German theologian (1809–1872)

Heinrich Abeken (19 August 1809 – 8 August 1872) was a German theologian and Prussian Privy Legation Councillor in the Ministry of Foreign Affairs in Berlin.

==Early life==
Abeken was born and raised in the city of Osnabrück as a son of a merchant, he was incited to a higher education by the example of his uncle Bernhard Rudolf Abeken. After finishing the college in Osnabrück, he moved in 1827 to visit the University of Berlin to study theology. He combined philosophical and philological studies and was interested in art and modern literature.

==Career==
In 1831, Abeken acquired a licenciate of theology. At the end of the year he visited Rome, and was welcomed in the house of Christian Karl Josias, Freiherr von Bunsen. Abeken participated in Bunsen's works, namely an evangelical prayer and hymn-book. In 1834 he became chaplain to the Prussian embassy in Rome. He married his first wife, who died soon thereafter. Bunsen left Rome in 1838 and Abeken followed soon thereafter to Germany. In 1841, he was sent to England to help in founding a German-English missionary bishopric in Jerusalem. In the same year, he was sent by Frederick William IV of Prussia to Egypt and Ethiopia, where he joined an expedition led by professor Karl Richard Lepsius. In 1845 and 1846 he returned via Jerusalem and Rome to Germany. He became Legation Councillor in Berlin, later Council Referee at the Ministry of Foreign Affairs.

In 1848 he received an appointment in the Prussian ministry for foreign affairs, and in 1853, he was promoted to be privy councillor of legation (Geheimer Legationsrath). Abeken remained in charge for more than twenty years of Prussian politics, assisting Otto Theodor Freiherr von Manteuffel and Chancellor Otto von Bismarck. The latter was so much pleased with Abeken's work that officials started to call Abeken "the quill [i.e., the scribe] of Bismarck." Abeken married again in 1866; his second wife was Hedwig von Olfers, daughter of the general director of the royal museums, Privy Councilor von Olfers.

He was much employed by Bismarck in the writing of official despatches, and stood high in the favour of King William, whom he often accompanied on his journeys as representative of the foreign office.

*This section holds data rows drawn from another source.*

(* Let $(X,T)$ be a linearly recurrent minimal Cantor system with unique invariant probability measure $\mu$, given by a sequence of CKR partitions satisfying (KR1)–(KR6) and (LR), such that moreover all entries of $M(n)$ are at least $2$ for $n\ge2$, and $H(1)=(1,\dots,1)^T$. Let $v\in\mathbb R^{C(1)}$ satisfy $\sum_{n\ge2}\|P(n)v\|^2<\infty$. For $n\ge1$ define $g_n(x)=\sum_{j=1}^{n-1}\langle s_j(x),P(j)v\rangle$ (with $P(1)$ the identity). Then the sequence $f_n=g_n-\mathbb E_\mu(g_n)$ converges in $L^2(X,\mathcal B_X,\mu)$.
   Context: Minimal Cantor system, CKR partitions $\mathcal P(n)=\{T^{-j}B_k(n):1\le k\le C(n),0\le j<h_k(n)\}$ with $\mathcal P(0)$ trivial, roof $B(n)=\bigcup_kB_k(n)$, conditions (KR1) $B(n+1)\subseteq B(n)$; (KR2) $\mathcal P(n+1)$ refines $\mathcal P(n)$; (KR3) $\bigcap_nB(n)$ is one point; (KR4) the partitions generate the topology; (KR5) for all $n\ge1$, $k\le C(n-1)$, $l\le C(n)$ some $0\le j<h_l(n)$ has $T^{-j}B_l(n)\subseteq B_k(n-1)$; (KR6) $B(n)\subseteq B_1(n-1)$; (LR) $h_l(n)\le Lh_k(n-1)$ for a constant $L$. $M(n)$ is the $C(n)\times C(n-1)$ matrix with $m_{l,k}(n)=\#\{0\le j<h_l(n):T^{-j}B_l(n)\subseteq B_k(n-1)\}$; $H(n)=(h_k(n))^T_k$; $P(n)=M(n)\cdots M(2)$. $r_n(x)=\min\{j\ge0:T^jx\in B(n)\}$; for $n\ge1$, $s_{n}(x)\in\mathbb N^{C(n)}$ has coordinates $s_{n,t}(x)=\#\{j:r_{n}(x)<j\le r_{n+1}(x),\ T^jx\in B_t(n)\}$. $\|V\|=\max_j|v_j|$. *)

theory Defs
  imports "HOL-Probability.Probability"
begin

text \<open>Conventions: towers of the n-th CKR partition are indexed by k in {1..C n};
  B n k is the roof set B_k(n), h n k its height; T^{-j}B_k(n) is the preimage
  of B_k(n) under the j-th iterate of T.\<close>

definition is_cantor_space :: "'a::metric_space set \<Rightarrow> bool" where
  "is_cantor_space X \<longleftrightarrow> X \<noteq> {} \<and> compact X \<and>
     (\<forall>x\<in>X. connected_component_set X x = {x}) \<and> (\<forall>x\<in>X. x islimpt X)"

definition minimal_system :: "('a::topological_space \<Rightarrow> 'a) \<Rightarrow> bool" where
  "minimal_system T \<longleftrightarrow> (\<forall>A. closed A \<and> T ` A = A \<longrightarrow> A = {} \<or> A = UNIV)"

definition tlevel :: "('a \<Rightarrow> 'a) \<Rightarrow> (nat \<Rightarrow> nat \<Rightarrow> 'a set) \<Rightarrow> nat \<Rightarrow> nat \<Rightarrow> nat \<Rightarrow> 'a set" where
  "tlevel T B n k j = (T ^^ j) -` B n k"

definition roof :: "(nat \<Rightarrow> nat) \<Rightarrow> (nat \<Rightarrow> nat \<Rightarrow> 'a set) \<Rightarrow> nat \<Rightarrow> 'a set" where
  "roof C B n = (\<Union>k\<in>{1..C n}. B n k)"

definition atoms :: "('a \<Rightarrow> 'a) \<Rightarrow> (nat \<Rightarrow> nat) \<Rightarrow> (nat \<Rightarrow> nat \<Rightarrow> nat)
    \<Rightarrow> (nat \<Rightarrow> nat \<Rightarrow> 'a set) \<Rightarrow> nat \<Rightarrow> 'a set set" where
  "atoms T C h B n = {tlevel T B n k j | k j. k \<in> {1..C n} \<and> j < h n k}"

definition CKR_partition :: "('a::topological_space \<Rightarrow> 'a) \<Rightarrow> (nat \<Rightarrow> nat) \<Rightarrow> (nat \<Rightarrow> nat \<Rightarrow> nat)
    \<Rightarrow> (nat \<Rightarrow> nat \<Rightarrow> 'a set) \<Rightarrow> nat \<Rightarrow> bool" where
  "CKR_partition T C h B n \<longleftrightarrow> C n \<ge> 1 \<and>
     (\<forall>k\<in>{1..C n}. open (B n k) \<and> closed (B n k) \<and> B n k \<noteq> {} \<and> h n k \<ge> 1) \<and>
     (\<forall>k\<in>{1..C n}. \<forall>k'\<in>{1..C n}. \<forall>j<h n k. \<forall>j'<h n k'.
        (k, j) \<noteq> (k', j') \<longrightarrow> tlevel T B n k j \<inter> tlevel T B n k' j' = {}) \<and>
     (\<Union>k\<in>{1..C n}. \<Union>j<h n k. tlevel T B n k j) = UNIV"

definition KR_sequence :: "('a::topological_space \<Rightarrow> 'a) \<Rightarrow> (nat \<Rightarrow> nat) \<Rightarrow> (nat \<Rightarrow> nat \<Rightarrow> nat)
    \<Rightarrow> (nat \<Rightarrow> nat \<Rightarrow> 'a set) \<Rightarrow> bool" where
  "KR_sequence T C h B \<longleftrightarrow>
     (\<forall>n. CKR_partition T C h B n) \<and>
     C 0 = 1 \<and> h 0 1 = 1 \<and> B 0 1 = UNIV \<and>
     \<comment> \<open>KR1\<close> (\<forall>n. roof C B (Suc n) \<subseteq> roof C B n) \<and>
     \<comment> \<open>KR2\<close> (\<forall>n. \<forall>A\<in>atoms T C h B (Suc n). \<exists>A'\<in>atoms T C h B n. A \<subseteq> A') \<and>
     \<comment> \<open>KR3\<close> (\<exists>x. (\<Inter>n. roof C B n) = {x}) \<and>
     \<comment> \<open>KR4\<close> topological_basis (\<Union>n. atoms T C h B n) \<and>
     \<comment> \<open>KR5\<close> (\<forall>n\<ge>1. \<forall>k\<in>{1..C (n-1)}. \<forall>l\<in>{1..C n}. \<exists>j<h n l. tlevel T B n l j \<subseteq> B (n-1) k) \<and>
     \<comment> \<open>KR6\<close> (\<forall>n\<ge>1. roof C B n \<subseteq> B (n-1) 1)"

definition linearly_recurrent_KR :: "(nat \<Rightarrow> nat) \<Rightarrow> (nat \<Rightarrow> nat \<Rightarrow> nat) \<Rightarrow> bool" where
  "linearly_recurrent_KR C h \<longleftrightarrow> (\<exists>L::real. \<forall>n\<ge>1. \<forall>l\<in>{1..C n}. \<forall>k\<in>{1..C (n-1)}.
      real (h n l) \<le> L * real (h (n-1) k))"

definition KR_M :: "('a \<Rightarrow> 'a) \<Rightarrow> (nat \<Rightarrow> nat \<Rightarrow> nat) \<Rightarrow> (nat \<Rightarrow> nat \<Rightarrow> 'a set) \<Rightarrow> nat \<Rightarrow> nat \<Rightarrow> nat \<Rightarrow> nat" where
  "KR_M T h B n l k = card {j. j < h n l \<and> tlevel T B n l j \<subseteq> B (n-1) k}"

text \<open>P(n) = M(n) ... M(2), a C(n) x C(1) matrix; P(1) = identity (P(0) is unused).\<close>
fun KR_P :: "('a \<Rightarrow> 'a) \<Rightarrow> (nat \<Rightarrow> nat) \<Rightarrow> (nat \<Rightarrow> nat \<Rightarrow> nat) \<Rightarrow> (nat \<Rightarrow> nat \<Rightarrow> 'a set)
    \<Rightarrow> nat \<Rightarrow> nat \<Rightarrow> nat \<Rightarrow> real" where
  "KR_P T C h B 0 = (\<lambda>l k. if l = k then 1 else 0)"
| "KR_P T C h B (Suc 0) = (\<lambda>l k. if l = k then 1 else 0)"
| "KR_P T C h B (Suc (Suc n)) = (\<lambda>l k. \<Sum>m\<in>{1..C (Suc n)}.
      real (KR_M T h B (Suc (Suc n)) l m) * KR_P T C h B (Suc n) m k)"

definition KR_Pv :: "('a \<Rightarrow> 'a) \<Rightarrow> (nat \<Rightarrow> nat) \<Rightarrow> (nat \<Rightarrow> nat \<Rightarrow> nat) \<Rightarrow> (nat \<Rightarrow> nat \<Rightarrow> 'a set)
    \<Rightarrow> (nat \<Rightarrow> real) \<Rightarrow> nat \<Rightarrow> nat \<Rightarrow> real" where
  "KR_Pv T C h B v n l = (\<Sum>k\<in>{1..C 1}. KR_P T C h B n l k * v k)"

definition KR_Pv_norm :: "('a \<Rightarrow> 'a) \<Rightarrow> (nat \<Rightarrow> nat) \<Rightarrow> (nat \<Rightarrow> nat \<Rightarrow> nat) \<Rightarrow> (nat \<Rightarrow> nat \<Rightarrow> 'a set)
    \<Rightarrow> (nat \<Rightarrow> real) \<Rightarrow> nat \<Rightarrow> real" where
  "KR_Pv_norm T C h B v n = Max ((\<lambda>l. \<bar>KR_Pv T C h B v n l\<bar>) ` {1..C n})"

definition return_time :: "('a \<Rightarrow> 'a) \<Rightarrow> (nat \<Rightarrow> nat) \<Rightarrow> (nat \<Rightarrow> nat \<Rightarrow> 'a set) \<Rightarrow> nat \<Rightarrow> 'a \<Rightarrow> nat" where
  "return_time T C B n x = (LEAST j. (T ^^ j) x \<in> roof C B n)"

definition KR_s :: "('a \<Rightarrow> 'a) \<Rightarrow> (nat \<Rightarrow> nat) \<Rightarrow> (nat \<Rightarrow> nat \<Rightarrow> 'a set) \<Rightarrow> nat \<Rightarrow> nat \<Rightarrow> 'a \<Rightarrow> nat" where
  "KR_s T C B n t x = card {j. return_time T C B n x < j \<and> j \<le> return_time T C B (Suc n) x
      \<and> (T ^^ j) x \<in> B n t}"

definition KR_g :: "('a \<Rightarrow> 'a) \<Rightarrow> (nat \<Rightarrow> nat) \<Rightarrow> (nat \<Rightarrow> nat \<Rightarrow> nat) \<Rightarrow> (nat \<Rightarrow> nat \<Rightarrow> 'a set)
    \<Rightarrow> (nat \<Rightarrow> real) \<Rightarrow> nat \<Rightarrow> 'a \<Rightarrow> real" where
  "KR_g T C h B v n x = (\<Sum>j\<in>{1..<n}. \<Sum>t\<in>{1..C j}. real (KR_s T C B j t x) * KR_Pv T C h B v j t)"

He was present with the king during the campaigns of 1866 and 1870–71. In 1851, he published anonymously Babylon und Jerusalem, a scathing criticism of the views of Ida, Countess von Hahn-Hahn.

During the war against Austria in 1866 as well as in the wars against France in 1870 and 1871, Abeken stayed in the Prussian headquarters. A major part of the dispatches of the time have been written by him, especially the Ems Dispatch of 13 July 1870. Unfortunately his health was damaged by the endeavours of these travels, and he died after an illness of several months. Emperor Wilhelm I described Abeken in a condolence letter to his widow: "One of my most reliable advisors, standing on my side in the most decisive moments; His loss is irreplaceable to me; In him his fatherland has lost one of the most noble and most loyal men and officials".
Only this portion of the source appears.